-- WORK INSTRUCTIONS --
Output the listing below in full, exactly as written.

▼

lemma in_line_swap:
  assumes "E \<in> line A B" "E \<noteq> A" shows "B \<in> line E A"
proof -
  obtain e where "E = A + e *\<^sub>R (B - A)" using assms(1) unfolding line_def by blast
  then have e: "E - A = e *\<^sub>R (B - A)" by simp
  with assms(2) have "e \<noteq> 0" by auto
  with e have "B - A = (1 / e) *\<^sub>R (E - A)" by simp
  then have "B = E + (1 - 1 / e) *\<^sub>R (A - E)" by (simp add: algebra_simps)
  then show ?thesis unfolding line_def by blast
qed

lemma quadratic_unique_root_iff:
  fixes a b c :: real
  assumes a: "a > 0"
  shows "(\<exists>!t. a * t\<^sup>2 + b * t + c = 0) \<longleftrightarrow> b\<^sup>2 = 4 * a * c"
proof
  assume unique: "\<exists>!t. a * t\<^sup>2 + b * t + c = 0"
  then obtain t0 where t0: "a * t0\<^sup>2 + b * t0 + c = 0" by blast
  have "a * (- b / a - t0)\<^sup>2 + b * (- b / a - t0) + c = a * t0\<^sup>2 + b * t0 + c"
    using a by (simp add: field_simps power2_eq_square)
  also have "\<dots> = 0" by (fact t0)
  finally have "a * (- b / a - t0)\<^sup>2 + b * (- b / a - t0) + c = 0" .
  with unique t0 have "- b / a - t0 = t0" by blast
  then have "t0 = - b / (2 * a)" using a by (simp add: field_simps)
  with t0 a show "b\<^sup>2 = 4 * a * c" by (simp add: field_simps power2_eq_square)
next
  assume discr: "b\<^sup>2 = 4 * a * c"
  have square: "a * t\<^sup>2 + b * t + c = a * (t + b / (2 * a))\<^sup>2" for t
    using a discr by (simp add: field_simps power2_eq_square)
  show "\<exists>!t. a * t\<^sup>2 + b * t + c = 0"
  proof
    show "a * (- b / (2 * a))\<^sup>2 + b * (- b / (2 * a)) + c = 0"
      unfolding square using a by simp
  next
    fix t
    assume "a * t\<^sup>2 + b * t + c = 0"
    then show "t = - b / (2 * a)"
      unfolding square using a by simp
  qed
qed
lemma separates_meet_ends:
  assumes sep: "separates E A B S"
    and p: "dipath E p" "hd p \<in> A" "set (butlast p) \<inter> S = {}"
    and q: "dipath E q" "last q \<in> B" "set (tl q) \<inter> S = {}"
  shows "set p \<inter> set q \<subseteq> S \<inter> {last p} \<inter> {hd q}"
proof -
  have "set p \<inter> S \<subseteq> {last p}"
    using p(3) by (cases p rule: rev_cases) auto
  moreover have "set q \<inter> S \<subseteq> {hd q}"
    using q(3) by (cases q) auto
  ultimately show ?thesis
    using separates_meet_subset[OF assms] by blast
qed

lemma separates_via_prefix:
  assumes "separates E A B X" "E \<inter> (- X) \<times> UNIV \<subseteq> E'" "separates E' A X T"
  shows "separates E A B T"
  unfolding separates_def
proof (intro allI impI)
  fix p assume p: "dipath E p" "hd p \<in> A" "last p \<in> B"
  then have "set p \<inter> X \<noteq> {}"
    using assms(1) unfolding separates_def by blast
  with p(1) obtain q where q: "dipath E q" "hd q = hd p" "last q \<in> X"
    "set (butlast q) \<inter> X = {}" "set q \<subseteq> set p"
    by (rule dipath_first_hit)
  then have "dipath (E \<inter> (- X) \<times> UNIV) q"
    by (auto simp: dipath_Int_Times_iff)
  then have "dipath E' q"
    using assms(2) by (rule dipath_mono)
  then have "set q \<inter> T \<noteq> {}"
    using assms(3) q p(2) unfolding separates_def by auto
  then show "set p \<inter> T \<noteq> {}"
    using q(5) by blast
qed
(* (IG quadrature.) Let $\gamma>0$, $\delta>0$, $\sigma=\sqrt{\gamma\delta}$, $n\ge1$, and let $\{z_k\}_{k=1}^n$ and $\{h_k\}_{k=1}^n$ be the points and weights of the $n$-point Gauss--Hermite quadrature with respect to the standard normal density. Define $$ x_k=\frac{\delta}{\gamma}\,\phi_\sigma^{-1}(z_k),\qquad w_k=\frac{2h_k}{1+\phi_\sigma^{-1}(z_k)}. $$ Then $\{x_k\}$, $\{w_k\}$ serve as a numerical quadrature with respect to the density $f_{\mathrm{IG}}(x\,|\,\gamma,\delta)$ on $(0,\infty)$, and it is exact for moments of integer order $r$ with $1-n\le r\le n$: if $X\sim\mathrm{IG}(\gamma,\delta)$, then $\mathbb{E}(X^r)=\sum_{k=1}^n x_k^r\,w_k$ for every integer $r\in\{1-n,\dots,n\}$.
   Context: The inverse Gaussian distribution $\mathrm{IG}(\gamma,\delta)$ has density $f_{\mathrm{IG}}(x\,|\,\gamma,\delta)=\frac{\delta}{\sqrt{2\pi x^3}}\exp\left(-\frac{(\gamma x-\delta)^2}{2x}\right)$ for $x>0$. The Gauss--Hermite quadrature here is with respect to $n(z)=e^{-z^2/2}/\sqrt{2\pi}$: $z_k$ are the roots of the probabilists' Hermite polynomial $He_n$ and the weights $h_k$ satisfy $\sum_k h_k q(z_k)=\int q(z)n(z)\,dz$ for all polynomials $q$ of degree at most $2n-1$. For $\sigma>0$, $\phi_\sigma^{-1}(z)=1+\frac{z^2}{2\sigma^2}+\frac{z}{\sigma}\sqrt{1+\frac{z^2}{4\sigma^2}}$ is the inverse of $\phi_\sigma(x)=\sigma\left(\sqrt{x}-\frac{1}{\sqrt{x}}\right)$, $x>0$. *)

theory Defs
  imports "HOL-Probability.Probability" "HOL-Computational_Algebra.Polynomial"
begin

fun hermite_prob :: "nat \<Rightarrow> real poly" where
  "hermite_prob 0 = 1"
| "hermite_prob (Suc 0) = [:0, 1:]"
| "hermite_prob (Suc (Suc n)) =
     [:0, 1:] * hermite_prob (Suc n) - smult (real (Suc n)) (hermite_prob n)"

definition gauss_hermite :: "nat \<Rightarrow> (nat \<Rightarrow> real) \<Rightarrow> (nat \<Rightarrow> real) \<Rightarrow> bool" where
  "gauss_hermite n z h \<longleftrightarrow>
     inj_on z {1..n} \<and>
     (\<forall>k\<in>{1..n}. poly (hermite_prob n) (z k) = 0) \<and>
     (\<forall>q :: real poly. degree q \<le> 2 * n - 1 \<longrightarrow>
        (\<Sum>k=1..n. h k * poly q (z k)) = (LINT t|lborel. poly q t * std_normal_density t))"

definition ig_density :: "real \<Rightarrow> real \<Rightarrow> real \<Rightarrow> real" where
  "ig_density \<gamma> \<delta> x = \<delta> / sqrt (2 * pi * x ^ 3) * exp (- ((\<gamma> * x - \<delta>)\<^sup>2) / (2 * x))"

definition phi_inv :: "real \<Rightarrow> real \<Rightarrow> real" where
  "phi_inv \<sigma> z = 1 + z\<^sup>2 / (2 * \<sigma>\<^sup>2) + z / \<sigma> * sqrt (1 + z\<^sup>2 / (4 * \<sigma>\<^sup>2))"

▲

-- ANSWER TO THIS EXERCISE --
lemma in_line_swap:
  assumes "E \<in> line A B" "E \<noteq> A" shows "B \<in> line E A"
proof -
  obtain e where "E = A + e *\<^sub>R (B - A)" using assms(1) unfolding line_def by blast
  then have e: "E - A = e *\<^sub>R (B - A)" by simp
  with assms(2) have "e \<noteq> 0" by auto
  with e have "B - A = (1 / e) *\<^sub>R (E - A)" by simp
  then have "B = E + (1 - 1 / e) *\<^sub>R (A - E)" by (simp add: algebra_simps)
  then show ?thesis unfolding line_def by blast
qed

lemma quadratic_unique_root_iff:
  fixes a b c :: real
  assumes a: "a > 0"
  shows "(\<exists>!t. a * t\<^sup>2 + b * t + c = 0) \<longleftrightarrow> b\<^sup>2 = 4 * a * c"
proof
  assume unique: "\<exists>!t. a * t\<^sup>2 + b * t + c = 0"
  then obtain t0 where t0: "a * t0\<^sup>2 + b * t0 + c = 0" by blast
  have "a * (- b / a - t0)\<^sup>2 + b * (- b / a - t0) + c = a * t0\<^sup>2 + b * t0 + c"
    using a by (simp add: field_simps power2_eq_square)
  also have "\<dots> = 0" by (fact t0)
  finally have "a * (- b / a - t0)\<^sup>2 + b * (- b / a - t0) + c = 0" .
  with unique t0 have "- b / a - t0 = t0" by blast
  then have "t0 = - b / (2 * a)" using a by (simp add: field_simps)
  with t0 a show "b\<^sup>2 = 4 * a * c" by (simp add: field_simps power2_eq_square)
next
  assume discr: "b\<^sup>2 = 4 * a * c"
  have square: "a * t\<^sup>2 + b * t + c = a * (t + b / (2 * a))\<^sup>2" for t
    using a discr by (simp add: field_simps power2_eq_square)
  show "\<exists>!t. a * t\<^sup>2 + b * t + c = 0"
  proof
    show "a * (- b / (2 * a))\<^sup>2 + b * (- b / (2 * a)) + c = 0"
      unfolding square using a by simp
  next
    fix t
    assume "a * t\<^sup>2 + b * t + c = 0"
    then show "t = - b / (2 * a)"
      unfolding square using a by simp
  qed
qed
lemma separates_meet_ends:
  assumes sep: "separates E A B S"
    and p: "dipath E p" "hd p \<in> A" "set (butlast p) \<inter> S = {}"
    and q: "dipath E q" "last q \<in> B" "set (tl q) \<inter> S = {}"
  shows "set p \<inter> set q \<subseteq> S \<inter> {last p} \<inter> {hd q}"
proof -
  have "set p \<inter> S \<subseteq> {last p}"
    using p(3) by (cases p rule: rev_cases) auto
  moreover have "set q \<inter> S \<subseteq> {hd q}"
    using q(3) by (cases q) auto
  ultimately show ?thesis
    using separates_meet_subset[OF assms] by blast
qed

lemma separates_via_prefix:
  assumes "separates E A B X" "E \<inter> (- X) \<times> UNIV \<subseteq> E'" "separates E' A X T"
  shows "separates E A B T"
  unfolding separates_def
proof (intro allI impI)
  fix p assume p: "dipath E p" "hd p \<in> A" "last p \<in> B"
  then have "set p \<inter> X \<noteq> {}"
    using assms(1) unfolding separates_def by blast
  with p(1) obtain q where q: "dipath E q" "hd q = hd p" "last q \<in> X"
    "set (butlast q) \<inter> X = {}" "set q \<subseteq> set p"
    by (rule dipath_first_hit)
  then have "dipath (E \<inter> (- X) \<times> UNIV) q"
    by (auto simp: dipath_Int_Times_iff)
  then have "dipath E' q"
    using assms(2) by (rule dipath_mono)
  then have "set q \<inter> T \<noteq> {}"
    using assms(3) q p(2) unfolding separates_def by auto
  then show "set p \<inter> T \<noteq> {}"
    using q(5) by blast
qed
(* (IG quadrature.) Let $\gamma>0$, $\delta>0$, $\sigma=\sqrt{\gamma\delta}$, $n\ge1$, and let $\{z_k\}_{k=1}^n$ and $\{h_k\}_{k=1}^n$ be the points and weights of the $n$-point Gauss--Hermite quadrature with respect to the standard normal density. Define $$ x_k=\frac{\delta}{\gamma}\,\phi_\sigma^{-1}(z_k),\qquad w_k=\frac{2h_k}{1+\phi_\sigma^{-1}(z_k)}. $$ Then $\{x_k\}$, $\{w_k\}$ serve as a numerical quadrature with respect to the density $f_{\mathrm{IG}}(x\,|\,\gamma,\delta)$ on $(0,\infty)$, and it is exact for moments of integer order $r$ with $1-n\le r\le n$: if $X\sim\mathrm{IG}(\gamma,\delta)$, then $\mathbb{E}(X^r)=\sum_{k=1}^n x_k^r\,w_k$ for every integer $r\in\{1-n,\dots,n\}$.
   Context: The inverse Gaussian distribution $\mathrm{IG}(\gamma,\delta)$ has density $f_{\mathrm{IG}}(x\,|\,\gamma,\delta)=\frac{\delta}{\sqrt{2\pi x^3}}\exp\left(-\frac{(\gamma x-\delta)^2}{2x}\right)$ for $x>0$. The Gauss--Hermite quadrature here is with respect to $n(z)=e^{-z^2/2}/\sqrt{2\pi}$: $z_k$ are the roots of the probabilists' Hermite polynomial $He_n$ and the weights $h_k$ satisfy $\sum_k h_k q(z_k)=\int q(z)n(z)\,dz$ for all polynomials $q$ of degree at most $2n-1$. For $\sigma>0$, $\phi_\sigma^{-1}(z)=1+\frac{z^2}{2\sigma^2}+\frac{z}{\sigma}\sqrt{1+\frac{z^2}{4\sigma^2}}$ is the inverse of $\phi_\sigma(x)=\sigma\left(\sqrt{x}-\frac{1}{\sqrt{x}}\right)$, $x>0$. *)

theory Defs
  imports "HOL-Probability.Probability" "HOL-Computational_Algebra.Polynomial"
begin

fun hermite_prob :: "nat \<Rightarrow> real poly" where
  "hermite_prob 0 = 1"
| "hermite_prob (Suc 0) = [:0, 1:]"
| "hermite_prob (Suc (Suc n)) =
     [:0, 1:] * hermite_prob (Suc n) - smult (real (Suc n)) (hermite_prob n)"

definition gauss_hermite :: "nat \<Rightarrow> (nat \<Rightarrow> real) \<Rightarrow> (nat \<Rightarrow> real) \<Rightarrow> bool" where
  "gauss_hermite n z h \<longleftrightarrow>
     inj_on z {1..n} \<and>
     (\<forall>k\<in>{1..n}. poly (hermite_prob n) (z k) = 0) \<and>
     (\<forall>q :: real poly. degree q \<le> 2 * n - 1 \<longrightarrow>
        (\<Sum>k=1..n. h k * poly q (z k)) = (LINT t|lborel. poly q t * std_normal_density t))"

definition ig_density :: "real \<Rightarrow> real \<Rightarrow> real \<Rightarrow> real" where
  "ig_density \<gamma> \<delta> x = \<delta> / sqrt (2 * pi * x ^ 3) * exp (- ((\<gamma> * x - \<delta>)\<^sup>2) / (2 * x))"

definition phi_inv :: "real \<Rightarrow> real \<Rightarrow> real" where
  "phi_inv \<sigma> z = 1 + z\<^sup>2 / (2 * \<sigma>\<^sup>2) + z / \<sigma> * sqrt (1 + z\<^sup>2 / (4 * \<sigma>\<^sup>2))"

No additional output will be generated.